昨日のレトロビルのすぐそばに水上署があり、その裏は西岩壁です。
 ここにマーメイド像があります。

マーメイド象   

 実物の5分の4の大きさで、デンマークのコペンハーゲン港と大阪港の文化交流のしるしとして平成7年(1995)に寄贈されたものだそうです。
     
 その北には遊覧船の船着き場などがあって、その先は北2号岩壁。

北2号岩壁   

 このあたりは「サンセット広場」と呼ばれる夕陽の名所。

サンセット広場    

 ちょうどサンタマリア号(観光クルーズ船)が入ってくるところでした。

 サンタマリア号の入港(サンセット広場より)   

 時刻は夕暮れどき。

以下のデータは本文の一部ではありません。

(* Let $\alpha\in(0,1)$. For all density operators $\varrho,\sigma$ on a finite-dimensional Hilbert space, $\overline{D}_\alpha^{\mathrm{test}}(\varrho\|\sigma)\ge0$, with equality if and only if $\varrho=\sigma$.
   Context: For probability vectors $p,q$ and $\alpha\in(0,1)$, $D_\alpha(p\|q)=\frac{1}{\alpha-1}\log\sum_xp(x)^\alpha q(x)^{1-\alpha}$. A test is an operator $0\le T\le I$; $\mathcal T(X):=(\operatorname{Tr}XT,\operatorname{Tr}X(I-T))$; $D_\alpha^{\mathrm{test}}(\varrho\|\sigma):=\max_{0\le T\le I}D_\alpha(\mathcal T(\varrho)\|\mathcal T(\sigma))$; $\overline{D}_\alpha^{\mathrm{test}}(\varrho\|\sigma):=\limsup_n\frac1nD_\alpha^{\mathrm{test}}(\varrho^{\otimes n}\|\sigma^{\otimes n})$. *)

theory Defs
  imports "HOL-Analysis.Analysis" "Jordan_Normal_Form.Matrix" "HOL-Library.Extended_Real"
begin

text \<open>Finite-dimensional Hilbert space = C^d; operators are d x d complex matrices.\<close>

definition mtrace :: "complex mat \<Rightarrow> complex" where
  "mtrace A = (\<Sum>i<dim_row A. A $$ (i, i))"

definition hermitian_mat :: "nat \<Rightarrow> complex mat \<Rightarrow> bool" where
  "hermitian_mat d A \<longleftrightarrow> A \<in> carrier_mat d d \<and>
     (\<forall>i<d. \<forall>j<d. A $$ (i, j) = cnj (A $$ (j, i)))"

definition psd_mat :: "nat \<Rightarrow> complex mat \<Rightarrow> bool" where
  "psd_mat d A \<longleftrightarrow> hermitian_mat d A \<and>
     (\<forall>v \<in> carrier_vec d. 0 \<le> Re ((A *\<^sub>v v) \<bullet>c v))"

definition density_op :: "nat \<Rightarrow> complex mat \<Rightarrow> bool" where
  "density_op d \<rho> \<longleftrightarrow> psd_mat d \<rho> \<and> mtrace \<rho> = 1"

definition test_op :: "nat \<Rightarrow> complex mat \<Rightarrow> bool" where
  "test_op d T \<longleftrightarrow> psd_mat d T \<and> psd_mat d (1\<^sub>m d - T)"

definition kron :: "complex mat \<Rightarrow> complex mat \<Rightarrow> complex mat" where
  "kron A B = mat (dim_row A * dim_row B) (dim_col A * dim_col B)
     (\<lambda>(i, j). A $$ (i div dim_row B, j div dim_col B) * B $$ (i mod dim_row B, j mod dim_col B))"

fun tensor_pow :: "complex mat \<Rightarrow> nat \<Rightarrow> complex mat" where
  "tensor_pow A 0 = 1\<^sub>m 1"
| "tensor_pow A (Suc n) = kron (tensor_pow A n) A"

夕陽を受けてサンタマリア号の帆柱がシルエットになって見え(?)ます。

サンタマリア号  

 これなら人の姿もシルエットになって見えるのではないか。
 当方には3年前の11月、ここより南西のATC海岸で撮った夕暮れの思い出があります。

ATC海岸にて(3年前の11月)       

 しかしここは若い男女が岸壁にいるわけではなく、年配のオッちゃんが釣り糸を垂れているのみ。
なにが釣れるんですか? と聞いたら、「タコじゃよ。わっはっは」
(ホンマかいな)

釣りをするおじさん   

 この日はきれいな夕焼けが撮れずに終わったけど、こんなこともあるよ。

貨物船    

 でも横浜や横須賀の海岸では見られない光景を撮れたことでよしとするか。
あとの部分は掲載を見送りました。